- The Washington Times - Monday, July 31, 2000

Hostage-taking ends with two injured

GREENVILLE, S.C. (AP) Three employees were taken hostage early yesterday during an attempted robbery at a McDonald's restaurant. One escaped, and the others were freed 4 and 1/2 hours later after the suspects' fathers talked them into surrendering.

One of the hostages had been shot and was in serious condition yesterday, and another was sexually assaulted, Police Chief Willie Johnson said.

After one hostage escaped, the suspects shot another suspect three times to show they were serious, authorities said.

The standoff ended about 10:30 a.m. after the fathers of both suspects helped police talk them into surrendering. The men, identified as Michael Sheppard, 20, and Mario Baldwin, 21, were arrested.

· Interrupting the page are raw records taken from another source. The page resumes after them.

(* For every $c\in(0,1/2)$ and constants $0<c_1\le c_2$ there exist $C>0$ and $n_0$ such that the following holds. Let $m=\lceil c^{-1}+1\rceil$, let $n\ge n_0$ with $m\mid(n-1)$, $D=(n-1)/m$, let $p$ be a prime with $c_1n^c\le p\le c_2n^c$, and $\theta=\pi/p$. Then the state $$|\psi\rangle=\Big(\big(U_{m,\theta}^\dagger\big)^{\otimes D}\otimes e^{-i\pi X/4}\Big)H^{\otimes n}|\mathrm{GHZ}_n\rangle$$ (where $U_{m,\theta}$ is unitary), measured in the computational basis, yields a distribution $P_\psi$ on $\{0,1\}^{n-1}\times\{0,1\}$ with $$\Delta\big(P_\psi,(X,\mathrm{majmod}_p(X)\oplus\mathrm{parity}(X))\big)\le\tfrac12-\tfrac1\pi+\tfrac Cp,$$ $X$ uniform on $\{0,1\}^{n-1}$.
   Context: $|\mathrm{GHZ}_n\rangle=(|0^n\rangle+|1^n\rangle)/\sqrt2$; $H$ Hadamard; $X$ Pauli-$X$; the $D$ copies of $U_{m,\theta}^\dagger$ act on consecutive blocks of $m$ qubits among the first $n-1$. $M_{m,\theta}|x_1\cdots x_m\rangle=\bigotimes_{j=1}^m e^{-i\theta x_{j-1}X}|x_j\rangle$ (indices mod $m$, $x_0=x_m$). For $x\in\{0,1\}^m$ let $\bar x$ be its complement and $\gamma_x=\langle\bar x|M_{m,\theta}^\dagger M_{m,\theta}|x\rangle$; $U_{m,\theta}|x\rangle=M_{m,\theta}|x\rangle$ if $x_1=0$ and $U_{m,\theta}|x\rangle=(M_{m,\theta}|x\rangle-\gamma_xM_{m,\theta}|\bar x\rangle)/\sqrt{1-|\gamma_x|^2}$ if $x_1=1$. $\mathrm{parity}(x)=|x|\bmod2$; $\mathrm{majmod}_p(x)=0$ if $(|x|\bmod p)<p/2$, else $1$. $\Delta$ is total variation distance. *)

theory Defs
  imports Complex_Main "HOL-Computational_Algebra.Primes"
begin

text \<open>Bitstrings of length k are lists of booleans (True = 1, False = 0); qubit j of a
register corresponds to list position j (0-indexed).\<close>

definition bitstrings :: "nat \<Rightarrow> bool list set" where
  "bitstrings k = {xs. length xs = k}"

definition weight :: "bool list \<Rightarrow> nat" where
  "weight xs = length (filter id xs)"

definition parity :: "bool list \<Rightarrow> bool" where
  "parity xs = odd (weight xs)"

definition majmod :: "nat \<Rightarrow> bool list \<Rightarrow> bool" where
  "majmod p xs = (\<not> (real (weight xs mod p) < real p / 2))"

definition compl_bits :: "bool list \<Rightarrow> bool list" where
  "compl_bits xs = map Not xs"

text \<open>Operators are given by their matrix entries: A y x = <y|A|x>. States are amplitude
functions on bitstrings.\<close>

type_synonym qop = "bool list \<Rightarrow> bool list \<Rightarrow> complex"
type_synonym qstate = "bool list \<Rightarrow> complex"

definition apply_op :: "nat \<Rightarrow> qop \<Rightarrow> qstate \<Rightarrow> qstate" where
  "apply_op k A v = (\<lambda>y. \<Sum>x\<in>bitstrings k. A y x * v x)"

definition adjoint :: "qop \<Rightarrow> qop" where
  "adjoint A = (\<lambda>y x. cnj (A x y))"

text \<open>Single-qubit matrix of exp(-i t X) = cos t I - i sin t X.\<close>
definition expX :: "real \<Rightarrow> bool \<Rightarrow> bool \<Rightarrow> complex" where
  "expX t b a = (if b = a then complex_of_real (cos t) else - \<i> * complex_of_real (sin t))"

text \<open>M_{m,theta}|x_1..x_m> = tensor_j exp(-i theta x_{j-1} X)|x_j>, x_0 = x_m.
 With 0-indexed positions, the control of position j is position (j+m-1) mod m.\<close>
definition M_op :: "nat \<Rightarrow> real \<Rightarrow> qop" where
  "M_op m \<theta> y x = (\<Prod>j<m. if x ! ((j + m - 1) mod m) then expX \<theta> (y ! j) (x ! j)
                            else (if y ! j = x ! j then 1 else 0))"

definition gamma :: "nat \<Rightarrow> real \<Rightarrow> bool list \<Rightarrow> complex" where
  "gamma m \<theta> x = (\<Sum>z\<in>bitstrings m. cnj (M_op m \<theta> z (compl_bits x)) * M_op m \<theta> z x)"

definition U_op :: "nat \<Rightarrow> real \<Rightarrow> qop" where
  "U_op m \<theta> y x =
     (if \<not> x ! 0 then M_op m \<theta> y x
      else (M_op m \<theta> y x - gamma m \<theta> x * M_op m \<theta> y (compl_bits x))
           / complex_of_real (sqrt (1 - (cmod (gamma m \<theta> x))\<^sup>2)))"

definition block :: "nat \<Rightarrow> nat \<Rightarrow> bool list \<Rightarrow> bool list" where
  "block m k xs = take m (drop (k * m) xs)"

text \<open>(U^dagger)^{tensor D} tensor exp(-i pi X/4) on m*D+1 qubits; block k = qubits k*m..k*m+m-1,
 last qubit = position m*D.\<close>
definition circuit_op :: "nat \<Rightarrow> real \<Rightarrow> nat \<Rightarrow> qop" where
  "circuit_op m \<theta> D y x =
     (\<Prod>k<D. adjoint (U_op m \<theta>) (block m k y) (block m k x)) * expX (pi / 4) (y ! (m * D)) (x ! (m * D))"

definition hadamard_n :: "nat \<Rightarrow> qop" where
  "hadamard_n n y x = (\<Prod>i<n. (if x ! i \<and> y ! i then -1 else 1) / complex_of_real (sqrt 2))"

definition ghz :: "nat \<Rightarrow> qstate" where
  "ghz n x = (if x = replicate n False \<or> x = replicate n True
              then 1 / complex_of_real (sqrt 2) else 0)"

definition psi :: "nat \<Rightarrow> real \<Rightarrow> nat \<Rightarrow> qstate" where
  "psi m \<theta> n = apply_op n (circuit_op m \<theta> ((n - 1) div m)) (apply_op n (hadamard_n n) (ghz n))"

text \<open>Computational-basis measurement distribution; outcome z of length n is identified
 with (take (n-1) z, z ! (n-1)) in {0,1}^(n-1) x {0,1}.\<close>
definition P_psi :: "nat \<Rightarrow> real \<Rightarrow> nat \<Rightarrow> bool list \<Rightarrow> real" where
  "P_psi m \<theta> n z = (cmod (psi m \<theta> n z))\<^sup>2"

definition target_dist :: "nat \<Rightarrow> nat \<Rightarrow> bool list \<Rightarrow> real" where
  "target_dist p n z =
     (let xs = take (n - 1) z; b = z ! (n - 1) in
      if b = (majmod p xs \<noteq> parity xs) then 1 / 2 ^ (n - 1) else 0)"

definition tvd :: "'a set \<Rightarrow> ('a \<Rightarrow> real) \<Rightarrow> ('a \<Rightarrow> real) \<Rightarrow> real" where
  "tvd S P Q = (\<Sum>z\<in>S. \<bar>P z - Q z\<bar>) / 2"

end

theory Submission
  imports Defs "HOL-Real_Asymp.Real_Asymp"
begin

text \<open>
  The Hadamards turn the GHZ state into an equal superposition of the uniform states with
  signs 1 and (-1)^|x|. If every U were replaced by M, each block would only pick up the phase
  exp(-+ i theta |z|), so measuring x on the first n - 1 qubits would leave the last qubit
  with bias (1 +- sin (2 theta |x|)) / 2, the sign agreeing with parity x exactly when
  majmod_p x = 0. This ideal distribution is at distance (1 - E |sin (2 pi |X| / p)|) / 2 from
  the target. As p^2 is much smaller than n, the weight of a uniform X is equidistributed
  modulo p up to p cos (pi / p)^(n-1) (a character-sum bound), and the average of
  |sin (2 pi r / p)| over the residues r is at least 2 / pi - 1 / p.
  The Gram-Schmidt correction distinguishing U from M has overlap |gamma_x| = |sin theta|^m,
  so it moves each block amplitude by O(|sin theta|^m), and all D < n blocks together by
  O(n theta^m) = O(1 / p) because c m >= 1 + c.
\<close>

section \<open>Sums over bitstrings\<close>

lemma finite_bitstrings [simp]: "finite (bitstrings k)"
  unfolding bitstrings_def using finite_lists_length_eq[of "UNIV::bool set" k] by simp
(* Let $\mathcal P$ be a pre-Hahn-localizable family of probability measures on $(\Omega,\mathcal F)$ with localization $\mathcal Q$ whose supports $\{S_Q\}$ are pairwise disjoint, and let $\mathcal H=\mathcal H_{\mathcal F}^{\mathcal Q}$ be its Hahn-extension. Then for every $\mu\in\mathrm{ca}(\mathcal P)$ the set $\mathcal Q(\mu)$ is at most countable, the formula $\mu^{\mathcal Q}(A)=\sum_{Q\in\mathcal Q(\mu)}\mu(A\cap S_Q)$, $A\in\mathcal H$, defines a finite signed measure on $\mathcal H$ extending $\mu$, and $|\mu^{\mathcal Q}|=|\mu|^{\mathcal Q}$.
   Context: $\mathrm{ca}(\mathcal P)$ is the set of finite signed measures $\mu$ on $\mathcal F$ with $|\mu|\ll P$ for some $P\in\mathcal P$; $|\mu|$ is the total variation measure. $\mathcal P\lll\mathcal Q$ means each $P\in\mathcal P$ is absolutely continuous w.r.t. some $Q\in\mathcal Q$; $\mathrm{sconv}(\mathcal Q)$ denotes countable convex combinations. $\mathcal P$ is pre-Hahn-localizable with localization $\mathcal Q$ and supports $S_Q\in\mathcal F$ if $Q(S_R)=\delta_{QR}$ for $Q,R\in\mathcal Q$ and $\mathcal Q\lll\mathcal P\lll\mathrm{sconv}(\mathcal Q)$. Hahn-extension: $\mathcal H_{\mathcal F}^{\mathcal Q}=\sigma\big(\mathcal F\cup\{\bigcup_{Q\in\mathcal Q}E_Q:E_Q\in\mathcal F,E_Q\subseteq S_Q\}\big)$. $\mathcal Q(\mu)=\{Q\in\mathcal Q:|\mu|(S_Q)>0\}$; since $\mathcal Q(|\mu|)=\mathcal Q(\mu)$, $|\mu|^{\mathcal Q}(A)=\sum_{Q\in\mathcal Q(\mu)}|\mu|(A\cap S_Q)$. *)

theory Defs
  imports "HOL-Probability.Probability"
begin

text \<open>Finite signed measures on a sigma-algebra F over Omega, represented as real-valued
  set functions that are countably additive on F (values outside F are irrelevant).\<close>
definition fin_signed_measure :: "'a set \<Rightarrow> 'a set set \<Rightarrow> ('a set \<Rightarrow> real) \<Rightarrow> bool" where
  "fin_signed_measure \<Omega> F \<mu> \<longleftrightarrow> sigma_algebra \<Omega> F \<and>
     (\<forall>A. range A \<subseteq> F \<longrightarrow> disjoint_family A \<longrightarrow> (\<lambda>n. \<mu> (A n)) sums \<mu> (\<Union>n. A n))"

definition tot_var :: "'a set set \<Rightarrow> ('a set \<Rightarrow> real) \<Rightarrow> 'a set \<Rightarrow> real" where
  "tot_var F \<mu> A = Sup {(\<Sum>B\<in>\<D>. \<bar>\<mu> B\<bar>) | \<D>. finite \<D> \<and> \<D> \<subseteq> F \<and> disjoint \<D> \<and> \<Union>\<D> = A}"

definition ca :: "'a set \<Rightarrow> 'a set set \<Rightarrow> 'a measure set \<Rightarrow> ('a set \<Rightarrow> real) set" where
  "ca \<Omega> F PP = {\<mu>. fin_signed_measure \<Omega> F \<mu> \<and>
      (\<exists>P\<in>PP. \<forall>A\<in>null_sets P. tot_var F \<mu> A = 0)}"

definition dominated_by :: "'a measure set \<Rightarrow> 'a measure set \<Rightarrow> bool" where
  "dominated_by PP QQ \<longleftrightarrow> (\<forall>P\<in>PP. \<exists>Q\<in>QQ. absolutely_continuous Q P)"

definition sconv :: "'a set \<Rightarrow> 'a set set \<Rightarrow> 'a measure set \<Rightarrow> 'a measure set" where
  "sconv \<Omega> F QQ = {R. space R = \<Omega> \<and> sets R = F \<and>
     (\<exists>c q. (\<forall>n. 0 \<le> c n) \<and> c sums 1 \<and> (\<forall>n. q n \<in> QQ) \<and>
        (\<forall>A\<in>F. emeasure R A = (\<Sum>n. ennreal (c n) * emeasure (q n) A)))}"

definition pre_hahn_localizable ::
    "'a set \<Rightarrow> 'a set set \<Rightarrow> 'a measure set \<Rightarrow> 'a measure set \<Rightarrow> ('a measure \<Rightarrow> 'a set) \<Rightarrow> bool" where
  "pre_hahn_localizable \<Omega> F PP QQ S \<longleftrightarrow>
     (\<forall>Q\<in>QQ. prob_space Q \<and> space Q = \<Omega> \<and> sets Q = F \<and> S Q \<in> F) \<and>
     (\<forall>Q\<in>QQ. \<forall>R\<in>QQ. measure Q (S R) = (if Q = R then 1 else 0)) \<and>
     dominated_by QQ PP \<and> dominated_by PP (sconv \<Omega> F QQ)"

definition hahn_ext :: "'a set \<Rightarrow> 'a set set \<Rightarrow> 'a measure set \<Rightarrow> ('a measure \<Rightarrow> 'a set) \<Rightarrow> 'a set set" where
  "hahn_ext \<Omega> F QQ S = sigma_sets \<Omega>
     (F \<union> {(\<Union>Q\<in>QQ. E Q) | E. \<forall>Q\<in>QQ. E Q \<in> F \<and> E Q \<subseteq> S Q})"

Park sky lift stops, stranding 50 riders

ALTOONA, Iowa An amusement park sky lift came to an abrupt stop following electrical trouble, stranding riders about 50 feet above the ground.

Rescue crews used fire ladders and a crane to bring the 50 passengers safely back to the ground Saturday night at Adventureland Park, about 10 miles northeast of Des Moines.

No one was injured.

A park spokesman said the ride shut down because of a flipped breaker switch.

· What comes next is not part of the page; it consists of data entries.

(* Consider a constrained online convex optimization problem: $\mathcal{F}\subset\mathbb{R}^d$ is a convex set with bounded $\ell_\infty$-diameter $D_\infty=\max_{\boldsymbol{x},\boldsymbol{y}\in\mathcal{F}}\Vert\boldsymbol{x}-\boldsymbol{y}\Vert_\infty$, and $f_1,\dots,f_T$ are convex loss functions with $\Vert\nabla f_t(\boldsymbol{\theta})\Vert_\infty\le G_\infty$ for all $t\in[T]$ and $\boldsymbol{\theta}\in\mathcal{F}$. Let the iterates be generated by AdaSGDMax with step size $\eta_t=\eta D_\infty/(G_\infty\sqrt{t\hat v_t})$ for some $\eta>0$, and assume $\hat v_1>0$. Then the regret $R_T:=\sum_{t=1}^T f_t(\boldsymbol{\theta}_t)-\min_{\boldsymbol{\theta}^*\in\mathcal{F}}\sum_{t=1}^T f_t(\boldsymbol{\theta}^* )$ satisfies $$R_T\le\frac{dD_\infty G_\infty\sqrt{\hat v_T T}}{2\eta}+\frac{dD_\infty G_\infty\eta(2\sqrt{T}-1)}{2\sqrt{\hat v_1}}.$$
   Context: AdaSGDMax in the online setting: with $\boldsymbol{g}_t=\nabla f_t(\boldsymbol{\theta}_t)$, $v_0=0$, $\hat v_0=0$ and a fixed $\beta_2\in[0,1)$, set $v_t=\beta_2 v_{t-1}+(1-\beta_2)\Vert\boldsymbol{g}_t\Vert_2^2$, $\hat v_t=\max\{\hat v_{t-1},v_t\}$, and $\boldsymbol{\theta}_{t+1}=\Pi_{\mathcal{F}}(\boldsymbol{\theta}_t-\eta_t\boldsymbol{g}_t)$, where $\Pi_{\mathcal{F}}(\boldsymbol{x})=\arg\min_{\boldsymbol{y}\in\mathcal{F}}\Vert\boldsymbol{x}-\boldsymbol{y}\Vert_2$ is Euclidean projection and $\boldsymbol{\theta}_1\in\mathcal{F}$. *)

theory Defs
  imports "HOL-Analysis.Analysis"
begin

definition linf_diam :: "('a::euclidean_space) set \<Rightarrow> real" where
  "linf_diam F = (SUP x\<in>F. SUP y\<in>F. infnorm (x - y))"

end

theory Submission
  imports Defs
begin
(* Consider an $(n,k)$ sampling mix with arrival rate $\lambda>0$ per sender and parameter $p_a \in [0,1]$. In steady state, the average load of any given queue (the long-run fraction of time it is non-empty) equals \[ \rho = \frac{1-p_a}{k-p_a}, \] and the average delay experienced by a message (mean time between its arrival to the mix and its departure) equals \[ \frac{1-p_a}{\lambda(k-1)}. \]
   Context: An $(n,k)$ sampling mix (integers $n$, $k$ with $2 \le k \le n-1$) consists of $n$ first-in first-out queues with infinite buffers; queue $i$ receives messages from its own sender according to a Poisson process of rate $\lambda$, the $n$ arrival processes being independent. Each sender communicates with its own set of at most $m$ receivers, these sets being disjoint. At each message arrival (say to queue $j$), $k$ queues are selected and "released", where releasing a queue means it forwards (instantly) the message at its head if it is non-empty, and does nothing if it is empty. The selection is: with probability $p_a$, queue $j$ is selected together with $k-1$ queues chosen uniformly at random from the other $n-1$ queues; with probability $1-p_a$, queue $j$ is not selected and $k$ queues are chosen uniformly at random from the other $n-1$ queues. Delay consists only of queueing time in the mix. *)

theory Defs
  imports "HOL-Probability.Probability"
begin

text \<open>State of the mix: list of the n queue lengths (queues indexed 0..n-1).
  The continuous-time system is described through its jump chain: arrivals to the
  mix form a Poisson process of rate n*lam (superposition of the n senders), each
  arrival going to a uniformly chosen queue, independently of the state.\<close>

definition arrive :: "nat \<Rightarrow> nat list \<Rightarrow> nat list" where
  "arrive j s = s[j := s ! j + 1]"

definition release :: "nat set \<Rightarrow> nat list \<Rightarrow> nat list" where
  "release S s = map (\<lambda>i. if i \<in> S then s ! i - 1 else s ! i) [0..<length s]"

definition selection :: "nat \<Rightarrow> nat \<Rightarrow> real \<Rightarrow> nat \<Rightarrow> nat set pmf" where
  "selection n k pa j =
     bind_pmf (bernoulli_pmf pa) (\<lambda>b.
       if b then map_pmf (insert j) (pmf_of_set {S. S \<subseteq> {..<n} - {j} \<and> card S = k - 1})
       else pmf_of_set {S. S \<subseteq> {..<n} - {j} \<and> card S = k})"

definition mix_step :: "nat \<Rightarrow> nat \<Rightarrow> real \<Rightarrow> nat list \<Rightarrow> nat list pmf" where
  "mix_step n k pa s =
     bind_pmf (pmf_of_set {..<n}) (\<lambda>j.
       map_pmf (\<lambda>S. release S (arrive j s)) (selection n k pa j))"

definition steady_state :: "nat \<Rightarrow> nat \<Rightarrow> real \<Rightarrow> nat list pmf \<Rightarrow> bool" where
  "steady_state n k pa \<pi> \<longleftrightarrow>
     (\<forall>s\<in>set_pmf \<pi>. length s = n) \<and> bind_pmf \<pi> (mix_step n k pa) = \<pi>"

definition queue_load :: "nat list pmf \<Rightarrow> nat \<Rightarrow> real" where
  "queue_load \<pi> i = measure_pmf.prob \<pi> {s. 0 < s ! i}"

text \<open>Tagged message: Some (q, m) means it sits in queue q with m messages ahead of it;
  None means it has left the mix.\<close>
definition tag_update :: "nat set \<Rightarrow> (nat \<times> nat) option \<Rightarrow> (nat \<times> nat) option" where
  "tag_update S p = (case p of None \<Rightarrow> None
     | Some (q, m) \<Rightarrow> if q \<in> S then (if m = 0 then None else Some (q, m - 1)) else Some (q, m))"

definition tagged_step ::
  "nat \<Rightarrow> nat \<Rightarrow> real \<Rightarrow> nat list \<times> (nat \<times> nat) option \<Rightarrow> (nat list \<times> (nat \<times> nat) option) pmf" where
  "tagged_step n k pa x =
     bind_pmf (pmf_of_set {..<n}) (\<lambda>j.
       map_pmf (\<lambda>S. (release S (arrive j (fst x)), tag_update S (snd x))) (selection n k pa j))"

Historic call letters to leave airwaves

CHICAGO The city's oldest radio station, where millions of fans turned the dial to hear "Amos 'n' Andy" and "Fibber McGee and Molly" before television took over the night, is signing off this week for the final time.

Tomorrow, the frequency WMAQ-AM has held for nearly eight decades will become an all-sports station.

WMAQ's demise stems directly from federal regulations and the marriage of broadcasting giants CBS Inc. and Viacom Corp. Federal ownership rules required that CBS subsidiary Infinity sell one of its eight Chicago radio stations. The company chose to get rid of a weaker frequency used by the sports station and move the sports station to the frequency held by WMAQ.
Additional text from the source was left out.